Part of the problem was that Carter was also handling much of her scheduling, picking events, doing paperwork, submitting entry fees and the like. So she made a move that helped take that off her plate, bringing in Ann Thompson, an expert at those matters for many contestants.
"That's when Ann sent me to the northwest, and I had a really good run," Carter said. "Ann said, 'If you really want to go the Finals, you're staying on the road for the next two months.' Friends would sometimes drive with me, but a lot of times, I was alone. It was tough."
But she kept finishing in the money and kept grinding.
"If you really want to do it, you have to hit four to five rodeos a week. You're either driving or riding," Carter said.
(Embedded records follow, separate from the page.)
lemma periodic_three_term_solvable:
  fixes a b :: real and \<beta> :: "int \<Rightarrow> real"
  assumes "N \<ge> 1" and ab: "\<bar>b\<bar> < a" and \<beta>: "periodic_seq N \<beta>"
  obtains c where "periodic_seq N c" and "\<And>j. 2 * a * c j + b * (c (j - 1) + c (j + 1)) = \<beta> j"
proof -
  let ?u = "jacobi_iter a b \<beta>"
  obtain j0 where "\<And>j. \<bar>\<beta> j\<bar> \<le> \<bar>\<beta> j0\<bar>"
    using periodic_seq_abs_max[OF assms(1) \<beta>] by blast
  note sm = summable_jacobi_iter[OF ab this]
  define c where "c j = (\<Sum>n. ?u n j)" for j
  have "periodic_seq N c"
    using jacobi_iter_periodic[OF \<beta>] by (simp add: periodic_seq_def c_def)
  moreover have "2 * a * c j + b * (c (j - 1) + c (j + 1)) = \<beta> j" for j
  proof -
    have "c j - \<beta> j / (2 * a) = (\<Sum>n. ?u (Suc n) j)"
      unfolding c_def using suminf_split_head[OF sm] by simp
    also have "\<dots> = - (b / (2 * a)) * (\<Sum>n. ?u n (j - 1) + ?u n (j + 1))"
      unfolding jacobi_iter.simps by (rule suminf_mult[OF summable_add[OF sm sm]])
    also have "(\<Sum>n. ?u n (j - 1) + ?u n (j + 1)) = c (j - 1) + c (j + 1)"
      unfolding c_def by (rule suminf_add[OF sm sm, symmetric])
    finally have "2 * a * (c j - \<beta> j / (2 * a)) = 2 * a * (- (b / (2 * a)) * (c (j - 1) + c (j + 1)))"
      by simp
    moreover have "a > 0" using ab by linarith
    ultimately show ?thesis by (simp add: right_diff_distrib algebra_simps)
  qed
  ultimately show ?thesis by (rule that)
qed

lemma three_term_defect_constant_le:
  fixes s u p a \<delta> E :: real
  assumes "u > 0" "p > 0" "s + u = 2 * a" "p \<le> s" "u \<le> s" "\<delta> \<ge> 0" "E \<ge> 0"
  shows "s * ((s / p * \<delta> + 2 * E) / (2 * u)) + a / p * \<delta> + E \<le> 2 * a * s / (u * p) * (\<delta> + E)"
proof -
  have a: "a = (s + u) / 2" using assms(3) by simp
  have "s * s / (2 * u * p) + (s + u) / (2 * p) = (s * s + u * (s + u)) / (2 * u * p)"
    using assms(1,2) by (simp add: field_simps)
  also have "\<dots> \<le> (2 * ((s + u) * s)) / (2 * u * p)"
  proof (intro divide_right_mono)
    have "u * u \<le> s * s" "0 \<le> s * u"
      using assms(1,5) mult_mono[OF assms(5) assms(5)] by simp_all
    then show "s * s + u * (s + u) \<le> 2 * ((s + u) * s)" by (simp add: algebra_simps)
  qed (use assms(1,2) in simp)
  finally have \<delta>: "s * s / (2 * u * p) + (s + u) / (2 * p) \<le> (s + u) * s / (u * p)" by simp
  have "s / u + 1 = (s + u) * p / (u * p)"
    using assms(1,2) by (simp add: field_simps)
  also have "\<dots> \<le> (s + u) * s / (u * p)"
    using assms(1,2,4,5) by (intro divide_right_mono mult_left_mono) auto
  finally have E: "s / u + 1 \<le> (s + u) * s / (u * p)" .
  have "s * ((s / p * \<delta> + 2 * E) / (2 * u)) + a / p * \<delta> + E
      = (s * s / (2 * u * p) + (s + u) / (2 * p)) * \<delta> + (s / u + 1) * E"
    using assms(1,2) unfolding a by (simp add: field_simps)
  also have "\<dots> \<le> (s + u) * s / (u * p) * \<delta> + (s + u) * s / (u * p) * E"
    using \<delta> E assms(6,7) by (intro add_mono mult_right_mono)
  also have "\<dots> = (s + u) * s / (u * p) * (\<delta> + E)"
    by (simp only: distrib_left)
  also have "(s + u) * s / (u * p) = 2 * a * s / (u * p)"
    using assms(3) by simp
  finally show ?thesis .
qed

text \<open>The constant sequence \<open>g\<close> would be solved exactly by \<open>g / (a + b)\<close>; for slowly varying \<open>g\<close>
  this is still the leading part of \<open>e\<close>.\<close>

lemma periodic_three_term_deviation_bound:
  fixes a b \<delta> E :: real and e g \<epsilon> \<epsilon>' :: "int \<Rightarrow> real"
  assumes "N \<ge> 1" and ab: "\<bar>b\<bar> < a" and "periodic_seq N e" "periodic_seq N g"
    and eq: "\<And>j. 2 * a * e j + b * (e (j - 1) + e (j + 1)) = g (j - 1) + g j + \<epsilon> j + \<epsilon>' j"
    and \<epsilon>: "\<And>j. \<bar>\<epsilon> j\<bar> \<le> E" "\<And>j. \<bar>\<epsilon>' j\<bar> \<le> E"
    and \<delta>: "\<And>j. \<bar>g j - g (j - 1)\<bar> \<le> \<delta>"
  shows "\<bar>e j - g j / (a + b)\<bar> \<le> ((a + \<bar>b\<bar>) / (a + b) * \<delta> + 2 * E) / (2 * (a - \<bar>b\<bar>))"
proof -
  have p: "a + b > 0" using ab by linarith
  define z where "z j = e j - g j / (a + b)" for j
  have "periodic_seq N z" using assms(3,4) by (simp add: periodic_seq_def z_def)
  moreover have "\<bar>2 * a * z j + b * (z (j - 1) + z (j + 1))\<bar> \<le> (a + \<bar>b\<bar>) / (a + b) * \<delta> + 2 * E" for j
  proof -
    have "2 * a * z j + b * (z (j - 1) + z (j + 1)) = 2 * a * e j + b * (e (j - 1) + e (j + 1))
        - (2 * a * g j + b * g (j - 1) + b * g (j + 1)) / (a + b)"
      by (simp add: z_def add_divide_distrib diff_divide_distrib algebra_simps)
    also have "\<dots> = (a * (g (j - 1) - g j) + b * (g j - g (j + 1))) / (a + b) + \<epsilon> j + \<epsilon>' j"
      unfolding eq using p by (simp add: field_simps)
    finally have "2 * a * z j + b * (z (j - 1) + z (j + 1)) =
        (a * (g (j - 1) - g j) + b * (g j - g (j + 1))) / (a + b) + \<epsilon> j + \<epsilon>' j" .
    moreover have "\<bar>a * (g (j - 1) - g j) + b * (g j - g (j + 1))\<bar> \<le> (a + \<bar>b\<bar>) * \<delta>"
      using \<delta>[of j] \<delta>[of "j + 1"] ab
      by (intro abs_triangle_ineq[THEN order_trans]) (simp add: abs_mult distrib_right abs_minus_commute
          add_mono mult_left_mono)
    then have "\<bar>(a * (g (j - 1) - g j) + b * (g j - g (j + 1))) / (a + b)\<bar> \<le> (a + \<bar>b\<bar>) / (a + b) * \<delta>"
      using p by (simp add: abs_divide divide_right_mono)
    ultimately show ?thesis
      using \<epsilon>(1)[of j] \<epsilon>(2)[of j] by linarith
  qed
  ultimately show ?thesis
    using periodic_three_term_max_principle[OF assms(1) ab] unfolding z_def by blast
qed

lemma periodic_three_term_defect_bound:
  fixes a b \<delta> E :: real and e g \<epsilon> \<epsilon>' :: "int \<Rightarrow> real"
  assumes "N \<ge> 1" and ab: "\<bar>b\<bar> < a" and "periodic_seq N e" "periodic_seq N g"
    and eq: "\<And>j. 2 * a * e j + b * (e (j - 1) + e (j + 1)) = g (j - 1) + g j + \<epsilon> j + \<epsilon>' j"
    and \<epsilon>: "\<And>j. \<bar>\<epsilon> j\<bar> \<le> E" "\<And>j. \<bar>\<epsilon>' j\<bar> \<le> E"
    and \<delta>: "\<And>j. \<bar>g j - g (j - 1)\<bar> \<le> \<delta>"
  shows "\<bar>a * e i + b * e (i - 1) - g (i - 1) - \<epsilon> i\<bar>
    \<le> 2 * a * (a + \<bar>b\<bar>) / ((a - \<bar>b\<bar>) * (a + b)) * (\<delta> + E)"
proof -
  have p: "a + b > 0" and u: "a - \<bar>b\<bar> > 0" and s: "a + b \<le> a + \<bar>b\<bar>" using ab by linarith+
  have nonneg: "\<delta> \<ge> 0" "E \<ge> 0" using \<delta>[of 0] \<epsilon>(1)[of 0] by linarith+
  define z where "z j = e j - g j / (a + b)" for j
  define Z where "Z = ((a + \<bar>b\<bar>) / (a + b) * \<delta> + 2 * E) / (2 * (a - \<bar>b\<bar>))"
  have z: "\<bar>z j\<bar> \<le> Z" for j
    unfolding z_def Z_def by (rule periodic_three_term_deviation_bound[OF assms])
  have "a * z i + b * z (i - 1) = a * e i + b * e (i - 1) - (a * g i + b * g (i - 1)) / (a + b)"
    by (simp add: z_def add_divide_distrib diff_divide_distrib algebra_simps)
  moreover have "(a * g i + b * g (i - 1)) / (a + b) = g (i - 1) + a * (g i - g (i - 1)) / (a + b)"
    using p by (simp add: field_simps)
  ultimately have "a * e i + b * e (i - 1) - g (i - 1) - \<epsilon> i
      = a * z i + b * z (i - 1) + a * (g i - g (i - 1)) / (a + b) - \<epsilon> i"
    by simp
  also have "\<bar>\<dots>\<bar> \<le> (a + \<bar>b\<bar>) * Z + a / (a + b) * \<delta> + E"
  proof -
    have "\<bar>a * z i\<bar> \<le> a * Z"
      using mult_left_mono[OF z[of i], of a] ab by (simp add: abs_mult)
    moreover have "\<bar>b * z (i - 1)\<bar> \<le> \<bar>b\<bar> * Z"
      using mult_left_mono[OF z[of "i - 1"], of "\<bar>b\<bar>"] by (simp add: abs_mult)
    ultimately have "\<bar>a * z i + b * z (i - 1)\<bar> \<le> (a + \<bar>b\<bar>) * Z"
      using abs_triangle_ineq[of "a * z i" "b * z (i - 1)"] by (simp add: distrib_right)
    moreover have "\<bar>a * (g i - g (i - 1)) / (a + b)\<bar> \<le> a / (a + b) * \<delta>"
      using \<delta>[of i] ab p by (auto simp: abs_mult abs_divide intro!: divide_right_mono mult_left_mono)
    ultimately show ?thesis using \<epsilon>(1)[of i] by linarith
  qed
  also have "\<dots> \<le> 2 * a * (a + \<bar>b\<bar>) / ((a - \<bar>b\<bar>) * (a + b)) * (\<delta> + E)"
    unfolding Z_def using p u s nonneg by (intro three_term_defect_constant_le) auto
  finally show ?thesis .
qed

section \<open>The space \<open>S\<^sub>h\<^sup>1\<close> and the projection \<open>\<pi>\<^sub>1\<close>\<close>

definition elem_pt :: "nat \<Rightarrow> int \<Rightarrow> real \<Rightarrow> real" where
  "elem_pt N m s = (of_int m - 1 + s) / real N"

text \<open>\<open>psi_spline N k c\<close> is \<open>\<Sum>\<^sub>j c\<^sub>j \<ell>\<^sub>j\<close>, written element by element in the local coordinate
  \<open>s = N x - (m - 1)\<close> on \<open>[x\<^sub>m\<^sub>-\<^sub>1, x\<^sub>m]\<close>.\<close>

definition psi_spline :: "nat \<Rightarrow> nat \<Rightarrow> (int \<Rightarrow> real) \<Rightarrow> real \<Rightarrow> real" where
  "psi_spline N k c x = (let m = \<lfloor>x * real N\<rfloor> + 1; s = frac (x * real N) in
      c m * psi k s + c (m - 1) * psi k (1 - s))"

definition elem_moment :: "nat \<Rightarrow> (real \<Rightarrow> real) \<Rightarrow> (real \<Rightarrow> real) \<Rightarrow> int \<Rightarrow> real" where
  "elem_moment N w f m = integral {0..1} (\<lambda>s. f (elem_pt N m s) * w s)"

lemma elem_pt_eq: "elem_pt N m s = node N (m - 1) + s / real N"
  by (simp add: elem_pt_def node_def add_divide_distrib)

lemma elem_pt_0: "elem_pt N m 0 = node N (m - 1)"
  and elem_pt_1: "elem_pt N m 1 = node N m"
  by (simp_all add: elem_pt_def node_def)

lemma elem_pt_add_N: "N \<ge> 1 \<Longrightarrow> elem_pt N (m + int N) s = elem_pt N m s + 1"
  by (simp add: elem_pt_def field_simps)

lemma continuous_on_elem_pt [continuous_intros]:
  "continuous_on S g \<Longrightarrow> continuous_on S (\<lambda>x. elem_pt N m (g x))"
  unfolding elem_pt_def divide_inverse by (intro continuous_intros)

lemma psi_spline_on_elem:
  assumes k: "k \<ge> 1" and "of_int m - 1 \<le> x * real N" "x * real N \<le> of_int m"
  shows "psi_spline N k c x = c m * psi k (x * real N - (of_int m - 1)) + c (m - 1) * psi k (of_int m - x * real N)"
proof (cases "x * real N < of_int m")
  case True
  then have fl: "\<lfloor>x * real N\<rfloor> = m - 1" using assms(2) by (simp add: floor_eq_iff)
  show ?thesis unfolding psi_spline_def Let_def frac_def fl by (simp add: algebra_simps)
next
  case False
  then have "x * real N = of_int m" using assms(3) by simp
  then show ?thesis using psi_0[OF k] by (simp add: psi_spline_def)
qed

lemma psi_spline_elem_pt:
  assumes "k \<ge> 1" "N \<ge> 1" "s \<in> {0..1}"
  shows "psi_spline N k c (elem_pt N m s) = c m * psi k s + c (m - 1) * psi k (1 - s)"
proof -
  have "elem_pt N m s * real N = of_int m - 1 + s" using assms(2) by (simp add: elem_pt_def)
  then show ?thesis using psi_spline_on_elem[OF assms(1), of m "elem_pt N m s"] assms(3) by simp
qed

lemma psi_spline_node:
  assumes k: "k \<ge> 1" and "N \<ge> 1"
  shows "psi_spline N k c (node N j) = c j * psi k 1"
  using psi_spline_elem_pt[OF assms, of 1 c j] psi_0[OF k] by (simp add: elem_pt_1)

lemma psi_spline_periodic:
  assumes "periodic_seq N c"
  shows "psi_spline N k c (x + 1) = psi_spline N k c x"
proof -
  have "(x + 1) * real N = x * real N + of_int (int N)" by (simp add: algebra_simps)
  then have "\<lfloor>(x + 1) * real N\<rfloor> = \<lfloor>x * real N\<rfloor> + int N" "frac ((x + 1) * real N) = frac (x * real N)"
    by (simp_all add: frac_def)
  moreover have "c (\<lfloor>x * real N\<rfloor> + int N + 1) = c (\<lfloor>x * real N\<rfloor> + 1)"
    "c (\<lfloor>x * real N\<rfloor> + int N + 1 - 1) = c (\<lfloor>x * real N\<rfloor> + 1 - 1)"
    using assms unfolding periodic_seq_def by (metis add.commute add.left_commute, simp)
  ultimately show ?thesis by (simp add: psi_spline_def Let_def)
qed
As the regular season was coming to a close, in the final week of September, Carter was pushing hard to finish among the top 15 money winners to earn that WNFR berth. She had four rodeos on the docket: Kansas City, Omaha, Apache, Okla., and Stephenville, Texas.
"I had a three-day break, then went to Kansas City. I was sitting 13th in the world standings, but I knew I really needed to put a run down there," said Carter, who did just that by taking second. "That was the game-changer. That's what clinched it for me."
Good thing, too, because the next few days were dicey. The water pump on her truck blew in Omaha, forcing her to miss the Apache rodeo, and she had to hitch a ride with a friend to make Stephenville, where she cashed to finish a whirlwind week aboard her speedy steed.
"He's just so fast and so quick, he turns so hard," Carter said of Blaze. "It's fun. It's just unbelievable."
Carter stayed in 13th, ending the regular season with $62,768, about $3,300 above the cut line as she earned that trip to Las Vegas and the WNFR.
"I'm just in awe, I guess," Carter said. "For the longest time, I'd just have to pinch myself. It's something a girl dreams about from the time she's a kid. I thought I was done and wouldn't have that chance."
But she knows how that chance came about, which breaks her heart.
"The hardest thing for me is to have all this success, when Clay and Annette lost Rachel," Carter said. "They've come out and backed me, tried to help me out there. I know it's hard for them. How could they not wish it was Rachel?"
Carter said she knows Rachel is there in spirit.
"I feel her presence a lot. I know she's there," Carter said. "I believe that when you find a penny, that's an angel talking to you. So whenever I find a penny, I put it in my pocket for my next run. I know Rachel has helped. And I've got a lot of other people supporting me."
Most notably, parents who are watching their daughter's dream ride on.
"They're unbelievable people, and that horse is so talented. I'm just fortunate I'm the one who got chosen."